Genetic Ablation of Calcium-independent Phospholipase A2γ Leads to Alterations in Mitochondrial Lipid Metabolism and Function Resulting in a Deficient Mitochondrial Bioenergetic Phenotype

• Published in: The Journal of biological chemistry Vol. 282; no. 48; pp. 34611 - 34622
• Main Authors: Mancuso, David J., Sims, Harold F., Han, Xianlin, Jenkins, Christopher M., Guan, Shao Ping, Yang, Kui, Moon, Sung Ho, Pietka, Terri, Abumrad, Nada A., Schlesinger, Paul H., Gross, Richard W.
• Format: Journal Article
• Language: English
• Published: Elsevier Inc 30.11.2007; American Society for Biochemistry and Molecular Biology
• ISSN: 0021-9258; 1083-351X
• DOI: 10.1074/jbc.M707795200

Previously, we identified a novel calcium-independent phospholipase, designated calcium-independent phospholipase A2 γ (iPLA2γ), which possesses dual mitochondrial and peroxisomal subcellular localization signals. To identify the roles of iPLA2γ in cellular bioenergetics, we generated mice null for the iPLA2γ gene by eliminating the active site of the enzyme through homologous recombination.
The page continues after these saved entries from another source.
text \<open>Patterns: PLin = x, PDown = \<down>x, PUp = \<up>x, PHash = #x, PDag = \<dagger>x.
  An environment assigns to each de Bruijn index at most one pattern.\<close>

datatype pat = PLin | PDown | PUp | PHash | PDag

type_synonym env = "nat \<Rightarrow> pat option"

definition ext :: "pat \<Rightarrow> env \<Rightarrow> env" where
  "ext p \<Gamma> = (\<lambda>n. case n of 0 \<Rightarrow> Some p | Suc m \<Rightarrow> \<Gamma> m)"

definition side_ok :: "nat \<Rightarrow> env \<Rightarrow> bool" where
  "side_ok n \<Gamma> \<longleftrightarrow> (\<forall>m. m \<noteq> n \<longrightarrow> \<Gamma> m \<in> {None, Some PHash, Some PUp, Some PDag})"

text \<open>Splitting for rule (a): \<Upsilon>,\<Pi>,#\<Theta>,\<up>\<Xi>,\<dagger>\<Psi> into \<Upsilon>,#\<Theta>,\<up>\<Xi>,\<dagger>\<Psi> and \<Pi>,#\<Theta>,\<up>\<Xi>,\<dagger>\<Psi>.\<close>
definition app_split :: "env \<Rightarrow> env \<Rightarrow> env \<Rightarrow> bool" where
  "app_split \<Gamma> \<Gamma>1 \<Gamma>2 \<longleftrightarrow> (\<forall>n. case \<Gamma> n of
       None \<Rightarrow> \<Gamma>1 n = None \<and> \<Gamma>2 n = None
     | Some p \<Rightarrow> (if p \<in> {PLin, PDown}
                  then (\<Gamma>1 n = Some p \<and> \<Gamma>2 n = None) \<or> (\<Gamma>1 n = None \<and> \<Gamma>2 n = Some p)
                  else \<Gamma>1 n = Some p \<and> \<Gamma>2 n = Some p))"

text \<open>Rule (mi): conclusion #\<Theta>,\<down>\<Xi>,\<up>\<Psi>,\<dagger>\<Phi>, premise \<Xi>,\<up>\<Psi>,\<dagger>\<Phi>.\<close>
definition mi_env :: "env \<Rightarrow> env \<Rightarrow> bool" where
  "mi_env \<Gamma> \<Gamma>' \<longleftrightarrow> (\<forall>n. case \<Gamma> n of
       None \<Rightarrow> \<Gamma>' n = None
     | Some PLin \<Rightarrow> False
     | Some PDown \<Rightarrow> \<Gamma>' n = Some PLin
     | Some PUp \<Rightarrow> \<Gamma>' n = Some PUp
     | Some PDag \<Rightarrow> \<Gamma>' n = Some PDag
     | Some PHash \<Rightarrow> \<Gamma>' n = None)"

text \<open>Rule (mc): conclusion #\<Theta>,\<up>\<Xi>,\<dagger>\<Psi>, premise \<dagger>\<Xi>,\<dagger>\<Psi>.\<close>
definition mc_env :: "env \<Rightarrow> env \<Rightarrow> bool" where
  "mc_env \<Gamma> \<Gamma>' \<longleftrightarrow> (\<forall>n. case \<Gamma> n of
       None \<Rightarrow> \<Gamma>' n = None
     | Some PLin \<Rightarrow> False
     | Some PDown \<Rightarrow> False
     | Some PUp \<Rightarrow> \<Gamma>' n = Some PDag
     | Some PDag \<Rightarrow> \<Gamma>' n = Some PDag
     | Some PHash \<Rightarrow> \<Gamma>' n = None)"
text \<open>A right descent \<open>y \<notin> J \<union> {t}\<close> of \<open>w\<close> next to a right descent \<open>s \<in> J \<union> {t}\<close> is impossible:
  \<open>ws\<close> would have a reduced word ending in \<open>y\<close>, whereas by induction its reduced words
  end in a letter of \<open>J \<union> {t}\<close>, or (when \<open>s = t\<close> and \<open>ws\<close> drops to \<open>W\<^sub>1 \<cdots> W\<^sub>m\<^sub>-\<^sub>1\<close>) in
  \<open>t\<^sub>m\<^sub>-\<^sub>1\<close>; but \<open>m(t\<^sub>m\<^sub>-\<^sub>1, t) = \<infinity>\<close>.\<close>

lemma tilde_product_descent_outside:
  assumes J: "J \<subseteq> S" and tS: "set (ts @ [t]) \<subseteq> S" and disj: "set (ts @ [t]) \<inter> J = {}"
    and chain: "ts \<noteq> [] \<Longrightarrow> coxeter_m G (last ts) t = 0"
    and outer: "\<And>w u. tilde_product J ts w \<Longrightarrow> reduced w u \<Longrightarrow> block_word J ts u"
    and P: "tilde_product J (ts @ [t]) w"
    and inner: "\<And>u. tilde_product J (ts @ [t]) (w \<otimes> s) \<Longrightarrow> reduced (w \<otimes> s) u \<Longrightarrow>
       block_word J (ts @ [t]) u"
    and s: "s \<in> J \<union> {t}" and y: "y \<in> S" "y \<notin> J \<union> {t}"
    and dy: "len (w \<otimes> y) < len w" and ds: "len (w \<otimes> s) < len w"
  shows False
proof -
  have wc: "w \<in> carrier G" using tilde_product_closed[OF P J tS] .
  have sS: "s \<in> S" using s J tS by auto
  have ys: "y \<noteq> s" using s y by auto
  obtain r where r: "reduced (w \<otimes> s) (r @ [y])" using two_right_descents(2)[OF wc y(1) sS ys dy ds] by blast
  consider "tilde_product J (ts @ [t]) (w \<otimes> s)" | "s = t" "tilde_product J ts (w \<otimes> s)"
    using s tilde_product_mult_parabolic[OF J tS P] tilde_product_mult_last[OF J tS P]
    by (auto intro: gen_in_parabolic)
  then show False
  proof cases
    case 1
    then have "block_word J (ts @ [t]) (r @ [y])" using inner r by blast
    then show False using block_word_last_outside[of J "ts @ [t]" r y "[]"] disj y by auto
  next
    case 2
    then have "block_word J ts (r @ [y])" using outer r by blast
    then have "ts \<noteq> [] \<and> last ts = y" using block_word_last_outside[of J ts r y "[]"] disj y by auto
    then show False using chain two_right_descents(1)[OF wc y(1) sS ys dy ds] 2(1)
      by (auto simp: coxeter_m_def)
  qed
qed

lemma reduced_block_word_snoc:
  assumes J: "J \<subseteq> S" and tS: "set (ts @ [t]) \<subseteq> S" and disj: "set (ts @ [t]) \<inter> J = {}"
    and chain: "ts \<noteq> [] \<Longrightarrow> coxeter_m G (last ts) t = 0"
    and outer: "\<And>w u. tilde_product J ts w \<Longrightarrow> reduced w u \<Longrightarrow> block_word J ts u"
  shows "tilde_product J (ts @ [t]) w \<Longrightarrow> reduced w u \<Longrightarrow> block_word J (ts @ [t]) u"
proof (induction "len w" arbitrary: w u rule: less_induct)
  case less
  let ?K = "J \<union> {t}"
  have K: "?K \<subseteq> S" using J tS by auto
  obtain a b where a: "coset_minimal ?K a" and b: "b \<in> parabolic G ?K" and wab: "w = a \<otimes> b"
    using coset_minimal_exists[OF K reduced_carrier[OF less(3)]] by blast
  have "b \<noteq> \<one>"
    using tilde_product_not_coset_minimal[OF J tS disj chain outer less(2)] a wab
    by (auto simp: coset_minimal_def)
  then obtain s where s: "s \<in> ?K" and ds: "len (w \<otimes> s) < len w"
    using coset_minimal_descent[OF K a b] wab by blast
  then have "u \<noteq> []" using reducedD[OF less(3)] by auto
  then obtain u' y where uy: "u = u' @ [y]" by (metis rev_exhaust)
  have ru': "reduced (w \<otimes> y) u'" and dy: "len (w \<otimes> y) < len w"
    using reduced_butlast less(3) uy by auto
  have y: "y \<in> S" using reducedD[OF less(3)] uy by auto
  consider "y \<in> J" | "y = t" | "y \<notin> ?K" by auto
  then show ?case
  proof cases
    case 1
    then have "tilde_product J (ts @ [t]) (w \<otimes> y)"
      using tilde_product_mult_parabolic[OF J tS less(2)] gen_in_parabolic by blast
    then show ?thesis using less(1)[OF dy _ ru'] block_word_snoc_letter 1 uy by blast
  next
    case 2
    then show ?thesis
      using tilde_product_mult_last[OF J tS less(2)] less(1)[OF dy _ ru'] outer[of _ u'] ru'
        block_word_snoc_last block_word_new_block uy by blast
  next
    case 3
    have False
      by (rule tilde_product_descent_outside[of J ts t w s y])
        (use J tS disj chain outer less(2) less(1)[OF ds] s y 3 dy ds in auto)
    then show ?thesis ..
  qed
qed
(* Let $\sigma$ be a permutation of $\{1,\ldots,n\}$ with $\sigma(i)\neq i$ for all $i$. Then there exists a partition $U_1,U_2,U_3$ of $\{1,\ldots,n\}$ such that for each $j\in\{1,2,3\}$, $|U_j|\in[\frac{n}{4}-1,\frac{n}{2}+1]$ and $U_j\cap\sigma(U_j)=\emptyset$. *)

theory Defs
  imports Complex_Main "HOL-Combinatorics.Permutations"
begin

end

theory Submission
  imports Defs
begin

text \<open>
  We prove more: the functional graph of a fixed-point-free injective self-map \<sigma> of a finite set
  has a proper 3-colouring whose colour classes differ in size by at most one.  A 2-cycle or a 3-cycle of \<sigma> is removed, the rest coloured by induction, and
  the cycle gets the two least used colours, respectively all three colours.  Otherwise some
  cycle is x \<rightarrow> y \<rightarrow> z \<rightarrow> w with w \<noteq> x; splicing y and z out of it gives the shorter cycle
  x \<rightarrow> w.  After colouring the spliced map, y and z receive the two least used colours, in the
  order compatible with the (distinct) colours of x and w.  Three classes whose sizes differ by
  at most one have sizes between (n - 2)/3 and (n + 2)/3.
\<close>

definition colour_count :: "('a \<Rightarrow> nat) \<Rightarrow> 'a set \<Rightarrow> nat \<Rightarrow> nat" where
  "colour_count c S i = card {v \<in> S. c v = i}"

definition balanced_3 :: "(nat \<Rightarrow> nat) \<Rightarrow> bool" where
  "balanced_3 f \<longleftrightarrow> (\<forall>i<3. \<forall>j<3. f i \<le> f j + 1)"

definition equitable_3_colouring :: "('a \<Rightarrow> 'a) \<Rightarrow> 'a set \<Rightarrow> ('a \<Rightarrow> nat) \<Rightarrow> bool" where
  "equitable_3_colouring \<sigma> S c \<longleftrightarrow>
     (\<forall>x\<in>S. c x < 3 \<and> c (\<sigma> x) \<noteq> c x) \<and> balanced_3 (colour_count c S)"

lemma all_less_3_iff: "(\<forall>i<3. P i) \<longleftrightarrow> P 0 \<and> P 1 \<and> P (2::nat)"
  by (simp add: numeral_3_eq_3 numeral_2_eq_2 All_less_Suc2)

lemma balanced_3_add_all:
  "balanced_3 f \<Longrightarrow> balanced_3 (\<lambda>i. f i + of_bool (i = 0) + of_bool (i = 1) + of_bool (i = 2))"
  by (simp add: balanced_3_def all_less_3_iff)

lemma balanced_3_add_two:
  assumes "balanced_3 f"
  obtains j k where "j < 3" "k < 3" "j \<noteq> k"
    "balanced_3 (\<lambda>i. f i + of_bool (i = j) + of_bool (i = k))"
proof -
  have f: "f 0 \<le> f 1 + 1" "f 0 \<le> f 2 + 1" "f 1 \<le> f 0 + 1" "f 1 \<le> f 2 + 1"
    "f 2 \<le> f 0 + 1" "f 2 \<le> f 1 + 1"
    using assms by (auto simp: balanced_3_def all_less_3_iff)
  \<comment> \<open>the two colours other than a most used one\<close>
  consider "f 1 \<le> f 0" "f 2 \<le> f 0" | "f 0 \<le> f 1" "f 2 \<le> f 1" | "f 0 \<le> f 2" "f 1 \<le> f 2"
    by linarith
  then show thesis
  proof cases
    case 1
    then show thesis using f by (intro that[of 1 2]) (auto simp: balanced_3_def all_less_3_iff)
  next
    case 2
    then show thesis using f by (intro that[of 0 2]) (auto simp: balanced_3_def all_less_3_iff)
  next
    case 3
    then show thesis using f by (intro that[of 0 1]) (auto simp: balanced_3_def all_less_3_iff)
  qed
qed

lemma balanced_3_sum_bounds:
  assumes "balanced_3 f" "f 0 + f 1 + f 2 = n" "i < 3"
  shows "n \<le> 3 * f i + 2" "3 * f i \<le> n + 2"
proof -
  have "i = 0 \<or> i = 1 \<or> i = 2"
    using assms(3) by auto
  then show "n \<le> 3 * f i + 2" "3 * f i \<le> n + 2"
    using assms(1,2) by (auto simp: balanced_3_def all_less_3_iff)
qed

lemma colour_count_insert_upd:
  assumes "finite S" "x \<notin> S"
  shows "colour_count (c(x := j)) (insert x S) i = colour_count c S i + of_bool (i = j)"
proof -
  have "{v \<in> insert x S. (c(x := j)) v = i} =
        (if i = j then insert x {v \<in> S. c v = i} else {v \<in> S. c v = i})"
    using assms(2) by auto
  then show ?thesis
    using assms by (simp add: colour_count_def)
qed

lemma colour_count_sum:
  assumes "finite S" "\<forall>v\<in>S. c v < 3"
  shows "colour_count c S 0 + colour_count c S 1 + colour_count c S 2 = card S"
proof -
  have "S = (\<Union>i<3. {v \<in> S. c v = i})"
    using assms(2) by auto
  also have "card \<dots> = (\<Sum>i<3. colour_count c S i)"
    unfolding colour_count_def by (rule card_UN_disjoint) (use assms(1) in auto)
  finally show ?thesis
    by (simp add: eval_nat_numeral)
qed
Mice null for iPLA2γ display multiple bioenergetic dysfunctional phenotypes, including 1) growth retardation, 2) cold intolerance, 3) reduced exercise endurance, 4) greatly increased mortality from cardiac stress after transverse aortic constriction, 5) abnormal mitochondrial function with a 65% decrease in ascorbate-induced Complex IV-mediated oxygen consumption, and 6) a reduction in myocardial cardiolipin content accompanied by an altered cardiolipin molecular species composition. We conclude that iPLA2γ is essential for maintaining efficient bioenergetic mitochondrial function through tailoring mitochondrial membrane lipid metabolism and composition.